Tomó dos años, pero nos gustaría llegar al punto en que podamos fabricar nuevos genomas sintéticos en menos de un mes, dice Jason Chin, biólogo del Consejo de Investigación Médica del Reino Unido, quien dirigió el equipo. Eso aceleraría enormemente el campo, la cantidad de cosas que podemos hacer y probar.
Los primeros genomas bacterianos sintéticos se crearon en 2008 y 2010 en el Instituto J. Craig Venter. Pero el E. coli genoma, que es cuatro veces su tamaño, establece un nuevo récord.
Un consorcio separado está tratando de crear levadura de panadería con genes artificiales, pero ese proyecto aún no está completo.
Al reemplazar el genoma de la bacteria, el equipo de Chin también lo simplificó al reemplazar algunos de los conjuntos de instrucciones de ADN de tres letras, o codones, que las células usan para determinar cuál de los 20 aminoácidos agregarán a una proteína.
Al final, Chin E. coli tiene solo 61 codones en lugar de los 64 habituales.
Eso significa que las nuevas especies de gérmenes, llamadas Syn61 , no solo tienen genes creados por el hombre, sino que también muestran que un organismo puede vivir con lo que el equipo del Reino Unido llama un código genético comprimido.
Uno es un logro técnico; el otro te dice algo fundamental sobre la biología y cuán maleable es realmente el código genético, dice Chin.
Simplificando el E. coli genoma significa que las partes no utilizadas del código ahora son libres para hacer otras cosas.
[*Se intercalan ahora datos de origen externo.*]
(* Let $R$ be a ring and let $a\in R$ be such that for some integer $n\geq 2$ the element $a^n$ is regular, i.e., $a^n=a^nba^n$ for some $b\in R$. Then there exists an idempotent $e\in aRa$ such that $(a(1-e))^n=0$; that is, $a$ is a D-regularly nil clean element of index at most $n$.
   Context: All rings are associative with identity $1\neq 0$. An element $a\in R$ is called D-regularly nil clean of index at most $k$ if there is an idempotent $e\in aRa$ with $(a(1-e))^k=0$. *)

theory Defs
  imports Main
begin

definition D_regularly_nil_clean_index :: "'a::ring_1 \<Rightarrow> nat \<Rightarrow> bool" where
  "D_regularly_nil_clean_index a k \<longleftrightarrow>
     (\<exists>e. (\<exists>r. e = a * r * a) \<and> e * e = e \<and> (a * (1 - e)) ^ k = 0)"

end

theory Submission
  imports Defs
begin

text \<open>Replace the inner inverse b of a^n by the reflexive inverse c = b a^n b, and put
f = a^n c. Then e = a^(n-1) c a is an idempotent in aRa with a(1 - e) = (1 - f) a.
Since (1 - f) a^n = 0, the element (1 - f) a is absorbed on the right by 1 - f, so
((1 - f) a)^n = (1 - f) a^n = 0.\<close>

lemma reflexive_inverse_from_inner_inverse:
  fixes x b :: "'a::semigroup_mult"
  assumes "x * b * x = x"
  shows "x * (b * x * b) * x = x" and "(b * x * b) * x * (b * x * b) = b * x * b"
proof -
  have "x * (b * x * b) * x = (x * b * x) * b * x"
    by (simp only: mult.assoc)
  then show "x * (b * x * b) * x = x"
    using assms by simp
  have "(b * x * b) * x * (b * x * b) = b * (x * b * x) * (b * x) * b"
    by (simp only: mult.assoc)
  also have "\<dots> = b * (x * b * x) * b"
    using assms by (simp only: mult.assoc)
  finally show "(b * x * b) * x * (b * x * b) = b * x * b"
    using assms by simp
qed

lemma idempotent_conjugate_reflexive_inverse:
  fixes a c :: "'a::monoid_mult"
  assumes "c * a ^ Suc m * c = c"
  shows "(a ^ m * c * a) * (a ^ m * c * a) = a ^ m * c * a"
proof -
  have "(a ^ m * c * a) * (a ^ m * c * a) = a ^ m * (c * a ^ Suc m * c) * a"
    by (simp only: power_Suc mult.assoc)
  then show ?thesis
    using assms by simp
qed

lemma power_mult_absorbing_left:
  fixes p a :: "'a::monoid_mult"
  assumes "p * a * p = p * a"
  shows "(p * a) ^ Suc m = p * a ^ Suc m"
proof (induction m)
  case 0
  then show ?case by simp
next
  case (Suc m)
  have "(p * a) ^ Suc (Suc m) = (p * a) * (p * a ^ Suc m)"
    by (subst power_Suc) (simp only: Suc)
  also have "\<dots> = (p * a * p) * a ^ Suc m"
    by (simp only: mult.assoc)
  also have "\<dots> = p * a * a ^ Suc m"
    by (simp only: assms)
  also have "\<dots> = p * a ^ Suc (Suc m)"
    by (simp only: power_Suc mult.assoc)
  finally show ?case .
qed

lemma complement_absorbs_left:
  fixes a c :: "'a::ring_1"
  assumes "a ^ n * c * a ^ n = a ^ n"
  shows "(1 - a ^ n * c) * a ^ n = 0"
    and "(1 - a ^ n * c) * a * (1 - a ^ n * c) = (1 - a ^ n * c) * a"
proof -
  show annihilates: "(1 - a ^ n * c) * a ^ n = 0"
    using assms by (simp add: algebra_simps)
  have "(1 - a ^ n * c) * a * (a ^ n * c) = (1 - a ^ n * c) * a ^ n * a * c"
    by (simp only: mult.assoc power_commutes)
  then have "(1 - a ^ n * c) * a * (a ^ n * c) = 0"
    using annihilates by simp
  then show "(1 - a ^ n * c) * a * (1 - a ^ n * c) = (1 - a ^ n * c) * a"
    by (simp add: right_diff_distrib)
qed

theorem proposition2p5:
  fixes a b :: "'a::ring_1" and n :: nat
  assumes "n \<ge> 2"
    and "a ^ n = a ^ n * b * a ^ n"
  shows "(\<exists>e. (\<exists>r. e = a * r * a) \<and> e * e = e \<and> (a * (1 - e)) ^ n = 0)
         \<and> D_regularly_nil_clean_index a n"
proof -
  obtain k where n: "n = Suc (Suc k)"
    using assms(1) by (metis add_2_eq_Suc le_Suc_ex)
  define c where "c = b * a ^ n * b"
  define e where "e = a ^ Suc k * c * a"
  have inner: "a ^ n * c * a ^ n = a ^ n" and reflexive: "c * a ^ n * c = c"
    using reflexive_inverse_from_inner_inverse assms(2) unfolding c_def by metis+
  have "e = a * (a ^ k * c) * a"
    by (simp add: e_def mult.assoc)
  moreover have "e * e = e"
    using idempotent_conjugate_reflexive_inverse reflexive unfolding e_def n by blast
  moreover have "(a * (1 - e)) ^ n = 0"
  proof -
    have "a * (1 - e) = (1 - a ^ n * c) * a"
      by (simp add: e_def n algebra_simps mult.assoc)
    then have "(a * (1 - e)) ^ n = (1 - a ^ n * c) * a ^ n"
      using power_mult_absorbing_left complement_absorbs_left(2)[OF inner] n by metis
    then show ?thesis
      using complement_absorbs_left(1)[OF inner] by simp
  qed
  ultimately show ?thesis
    unfolding D_regularly_nil_clean_index_def by blast
qed

end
Por ejemplo, podrían reutilizarse para que las bacterias produzcan proteínas que involucren cualquiera de los cientos de aminoácidos que la vida normalmente no utiliza. Eso podría conducir a la fabricación de polímeros inusuales en bacterias, como el material que se utiliza en los chalecos antibalas.
También hay una cuestión científica, dice Chin. Desde la década de 1960, cuando los científicos descifraron el código por primera vez, no ha quedado claro exactamente por qué funciona de la manera en que lo hace; de tantas posibilidades, ¿por qué esta?
En 1968, Francis Crick, el codescubridor de la estructura química del ADN, propuso la teoría del accidente congelado. Sugirió que una vez que evolucionaron las formas de vida básicas, los códigos de triplete quedaron bloqueados porque cualquier desviación del programa universal sería una gran desventaja. Al eliminar los codones, estamos rompiendo ese lenguaje común, dice Chin. Estamos descongelando el código.